[Saved entries]
───
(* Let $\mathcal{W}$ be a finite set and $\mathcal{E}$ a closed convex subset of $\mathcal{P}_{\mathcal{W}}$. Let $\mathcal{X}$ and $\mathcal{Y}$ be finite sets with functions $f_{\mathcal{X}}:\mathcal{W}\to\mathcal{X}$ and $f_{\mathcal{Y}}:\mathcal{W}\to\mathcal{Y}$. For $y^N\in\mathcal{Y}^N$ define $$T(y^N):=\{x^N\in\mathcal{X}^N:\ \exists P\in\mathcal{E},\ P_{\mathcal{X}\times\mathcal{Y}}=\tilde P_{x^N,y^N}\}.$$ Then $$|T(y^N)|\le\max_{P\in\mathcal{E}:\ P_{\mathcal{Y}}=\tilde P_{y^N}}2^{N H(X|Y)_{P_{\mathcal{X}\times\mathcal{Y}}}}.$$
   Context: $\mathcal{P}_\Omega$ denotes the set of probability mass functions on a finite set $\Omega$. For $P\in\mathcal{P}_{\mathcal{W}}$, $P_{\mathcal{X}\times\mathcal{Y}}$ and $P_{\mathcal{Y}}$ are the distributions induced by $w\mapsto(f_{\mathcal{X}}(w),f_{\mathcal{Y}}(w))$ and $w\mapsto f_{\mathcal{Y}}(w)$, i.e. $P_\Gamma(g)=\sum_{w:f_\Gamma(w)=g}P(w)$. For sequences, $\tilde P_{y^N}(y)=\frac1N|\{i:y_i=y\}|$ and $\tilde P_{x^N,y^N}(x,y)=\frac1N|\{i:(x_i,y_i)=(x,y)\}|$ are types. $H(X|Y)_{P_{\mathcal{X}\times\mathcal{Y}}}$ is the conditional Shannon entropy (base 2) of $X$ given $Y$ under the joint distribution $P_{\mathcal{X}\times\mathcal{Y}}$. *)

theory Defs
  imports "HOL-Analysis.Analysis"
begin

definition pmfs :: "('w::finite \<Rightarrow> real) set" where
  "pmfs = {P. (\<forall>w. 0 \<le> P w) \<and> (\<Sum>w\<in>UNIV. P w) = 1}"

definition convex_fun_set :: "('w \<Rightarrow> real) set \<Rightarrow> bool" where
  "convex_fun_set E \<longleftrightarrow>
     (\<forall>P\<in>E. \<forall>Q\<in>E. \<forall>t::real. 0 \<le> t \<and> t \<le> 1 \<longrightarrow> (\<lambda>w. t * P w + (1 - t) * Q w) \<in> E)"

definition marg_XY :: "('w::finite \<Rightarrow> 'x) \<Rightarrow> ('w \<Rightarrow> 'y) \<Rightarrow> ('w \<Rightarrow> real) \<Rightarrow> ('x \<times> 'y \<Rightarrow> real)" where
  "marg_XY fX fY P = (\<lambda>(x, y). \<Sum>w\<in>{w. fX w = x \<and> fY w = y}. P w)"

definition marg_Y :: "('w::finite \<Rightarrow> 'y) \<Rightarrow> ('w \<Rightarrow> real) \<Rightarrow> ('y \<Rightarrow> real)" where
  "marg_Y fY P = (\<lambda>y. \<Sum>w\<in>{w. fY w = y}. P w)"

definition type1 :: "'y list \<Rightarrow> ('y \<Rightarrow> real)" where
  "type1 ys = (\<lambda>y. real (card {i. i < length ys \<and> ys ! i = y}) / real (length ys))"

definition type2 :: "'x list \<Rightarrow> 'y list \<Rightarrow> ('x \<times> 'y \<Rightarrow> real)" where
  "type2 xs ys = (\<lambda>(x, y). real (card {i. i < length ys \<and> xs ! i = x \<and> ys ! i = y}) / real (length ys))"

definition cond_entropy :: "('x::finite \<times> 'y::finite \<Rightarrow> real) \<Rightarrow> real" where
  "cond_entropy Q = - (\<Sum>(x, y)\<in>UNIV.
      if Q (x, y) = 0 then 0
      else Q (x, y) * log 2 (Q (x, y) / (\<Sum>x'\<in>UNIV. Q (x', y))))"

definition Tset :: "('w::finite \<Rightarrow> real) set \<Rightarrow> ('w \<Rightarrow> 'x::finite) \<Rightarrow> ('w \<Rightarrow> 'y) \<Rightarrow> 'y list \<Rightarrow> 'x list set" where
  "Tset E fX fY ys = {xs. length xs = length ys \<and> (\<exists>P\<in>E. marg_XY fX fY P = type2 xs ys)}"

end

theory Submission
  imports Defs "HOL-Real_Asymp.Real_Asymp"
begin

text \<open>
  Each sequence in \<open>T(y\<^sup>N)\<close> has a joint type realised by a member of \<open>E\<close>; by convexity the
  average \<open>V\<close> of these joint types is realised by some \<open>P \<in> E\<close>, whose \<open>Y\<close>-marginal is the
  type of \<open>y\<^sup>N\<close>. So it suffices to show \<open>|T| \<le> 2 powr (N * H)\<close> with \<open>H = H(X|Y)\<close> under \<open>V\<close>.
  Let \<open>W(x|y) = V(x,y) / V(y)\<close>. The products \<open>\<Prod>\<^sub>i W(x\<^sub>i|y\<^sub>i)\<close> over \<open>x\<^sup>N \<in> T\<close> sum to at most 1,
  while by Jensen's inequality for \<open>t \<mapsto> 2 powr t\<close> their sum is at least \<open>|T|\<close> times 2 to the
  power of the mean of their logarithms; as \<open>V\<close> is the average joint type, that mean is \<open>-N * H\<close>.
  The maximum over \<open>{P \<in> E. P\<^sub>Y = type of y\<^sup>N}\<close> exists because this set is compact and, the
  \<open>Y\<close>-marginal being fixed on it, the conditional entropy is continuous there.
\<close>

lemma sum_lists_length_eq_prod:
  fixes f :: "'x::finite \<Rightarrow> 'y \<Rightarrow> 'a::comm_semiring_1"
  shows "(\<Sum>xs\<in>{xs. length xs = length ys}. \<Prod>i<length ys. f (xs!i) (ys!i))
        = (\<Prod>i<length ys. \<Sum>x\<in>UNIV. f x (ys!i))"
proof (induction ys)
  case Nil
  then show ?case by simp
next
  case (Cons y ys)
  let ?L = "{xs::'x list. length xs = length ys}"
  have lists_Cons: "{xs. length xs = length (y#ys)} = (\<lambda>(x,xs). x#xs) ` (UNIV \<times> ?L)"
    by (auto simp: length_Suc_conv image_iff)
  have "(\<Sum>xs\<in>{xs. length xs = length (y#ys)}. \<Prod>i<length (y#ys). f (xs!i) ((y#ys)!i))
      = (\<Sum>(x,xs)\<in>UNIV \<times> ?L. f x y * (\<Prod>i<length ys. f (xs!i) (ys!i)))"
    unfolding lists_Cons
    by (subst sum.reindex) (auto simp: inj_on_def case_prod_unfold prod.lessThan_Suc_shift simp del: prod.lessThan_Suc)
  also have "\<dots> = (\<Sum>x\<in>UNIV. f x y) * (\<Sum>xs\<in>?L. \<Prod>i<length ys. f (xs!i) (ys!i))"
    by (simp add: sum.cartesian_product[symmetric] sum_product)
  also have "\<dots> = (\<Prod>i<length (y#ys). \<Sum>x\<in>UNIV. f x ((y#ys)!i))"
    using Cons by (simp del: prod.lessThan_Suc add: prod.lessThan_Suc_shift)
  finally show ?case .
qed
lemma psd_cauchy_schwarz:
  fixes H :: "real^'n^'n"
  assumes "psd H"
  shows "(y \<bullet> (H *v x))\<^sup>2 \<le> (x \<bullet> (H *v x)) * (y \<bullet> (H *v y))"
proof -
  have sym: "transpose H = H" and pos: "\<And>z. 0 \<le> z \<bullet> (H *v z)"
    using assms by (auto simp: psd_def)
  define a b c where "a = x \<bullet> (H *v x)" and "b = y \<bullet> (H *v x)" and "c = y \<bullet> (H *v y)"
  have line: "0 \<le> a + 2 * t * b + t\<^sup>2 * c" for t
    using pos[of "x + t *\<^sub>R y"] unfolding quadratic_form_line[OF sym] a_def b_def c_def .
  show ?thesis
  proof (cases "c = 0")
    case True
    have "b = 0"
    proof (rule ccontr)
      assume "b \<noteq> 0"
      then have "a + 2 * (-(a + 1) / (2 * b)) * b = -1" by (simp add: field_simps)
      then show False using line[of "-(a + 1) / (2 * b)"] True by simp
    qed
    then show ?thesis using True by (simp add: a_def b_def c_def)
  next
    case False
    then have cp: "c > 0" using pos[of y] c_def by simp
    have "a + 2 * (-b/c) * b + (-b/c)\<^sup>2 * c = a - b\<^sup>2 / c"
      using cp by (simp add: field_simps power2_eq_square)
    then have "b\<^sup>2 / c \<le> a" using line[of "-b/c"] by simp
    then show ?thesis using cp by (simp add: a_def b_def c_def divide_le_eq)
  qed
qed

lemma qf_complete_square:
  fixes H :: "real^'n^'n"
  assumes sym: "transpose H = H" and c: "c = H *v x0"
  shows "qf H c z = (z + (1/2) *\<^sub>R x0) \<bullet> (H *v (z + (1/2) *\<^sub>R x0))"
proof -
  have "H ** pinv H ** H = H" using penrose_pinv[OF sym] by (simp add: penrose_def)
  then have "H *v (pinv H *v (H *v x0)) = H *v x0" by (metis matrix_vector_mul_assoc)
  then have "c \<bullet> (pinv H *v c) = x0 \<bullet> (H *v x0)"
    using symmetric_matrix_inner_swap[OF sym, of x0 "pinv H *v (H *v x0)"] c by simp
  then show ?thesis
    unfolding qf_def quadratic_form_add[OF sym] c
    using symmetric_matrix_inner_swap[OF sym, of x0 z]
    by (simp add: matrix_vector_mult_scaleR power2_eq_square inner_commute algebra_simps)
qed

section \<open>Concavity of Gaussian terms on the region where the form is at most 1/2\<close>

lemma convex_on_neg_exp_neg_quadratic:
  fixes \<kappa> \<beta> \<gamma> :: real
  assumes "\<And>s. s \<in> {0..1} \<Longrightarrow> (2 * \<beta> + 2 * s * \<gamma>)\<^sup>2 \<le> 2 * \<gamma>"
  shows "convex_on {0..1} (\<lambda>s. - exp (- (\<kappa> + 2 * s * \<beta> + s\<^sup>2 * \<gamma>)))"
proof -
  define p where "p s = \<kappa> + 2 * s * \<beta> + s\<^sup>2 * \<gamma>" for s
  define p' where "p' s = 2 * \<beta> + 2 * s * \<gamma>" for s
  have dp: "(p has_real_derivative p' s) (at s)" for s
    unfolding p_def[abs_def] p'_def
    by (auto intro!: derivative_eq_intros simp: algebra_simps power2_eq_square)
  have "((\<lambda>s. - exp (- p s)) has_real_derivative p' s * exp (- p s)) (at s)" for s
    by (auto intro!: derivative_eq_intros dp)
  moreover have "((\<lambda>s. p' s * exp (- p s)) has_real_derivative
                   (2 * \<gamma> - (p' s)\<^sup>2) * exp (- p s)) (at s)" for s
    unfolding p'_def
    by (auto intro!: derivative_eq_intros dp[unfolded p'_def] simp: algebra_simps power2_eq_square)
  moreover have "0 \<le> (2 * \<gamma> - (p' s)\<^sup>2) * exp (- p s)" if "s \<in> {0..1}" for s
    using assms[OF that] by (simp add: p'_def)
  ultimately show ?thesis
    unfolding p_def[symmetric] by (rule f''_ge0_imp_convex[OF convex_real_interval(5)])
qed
───
- [WHAT YOU WILL DO]
There is a line with "by (simp add: sum.cartesian_product[symmetric]" and a line with "using assms by (auto simp: psd_def)" above. Copy exactly those two lines and all lines between them, with nothing else.

- [RESPONSE TO THE EXERCISE]
    by (simp add: sum.cartesian_product[symmetric] sum_product)
  also have "\<dots> = (\<Prod>i<length (y#ys). \<Sum>x\<in>UNIV. f x ((y#ys)!i))"
    using Cons by (simp del: prod.lessThan_Suc add: prod.lessThan_Suc_shift)
  finally show ?case .
qed
lemma psd_cauchy_schwarz:
  fixes H :: "real^'n^'n"
  assumes "psd H"
  shows "(y \<bullet> (H *v x))\<^sup>2 \<le> (x \<bullet> (H *v x)) * (y \<bullet> (H *v y))"
proof -
  have sym: "transpose H = H" and pos: "\<And>z. 0 \<le> z \<bullet> (H *v z)"
    using assms by (auto simp: psd_def)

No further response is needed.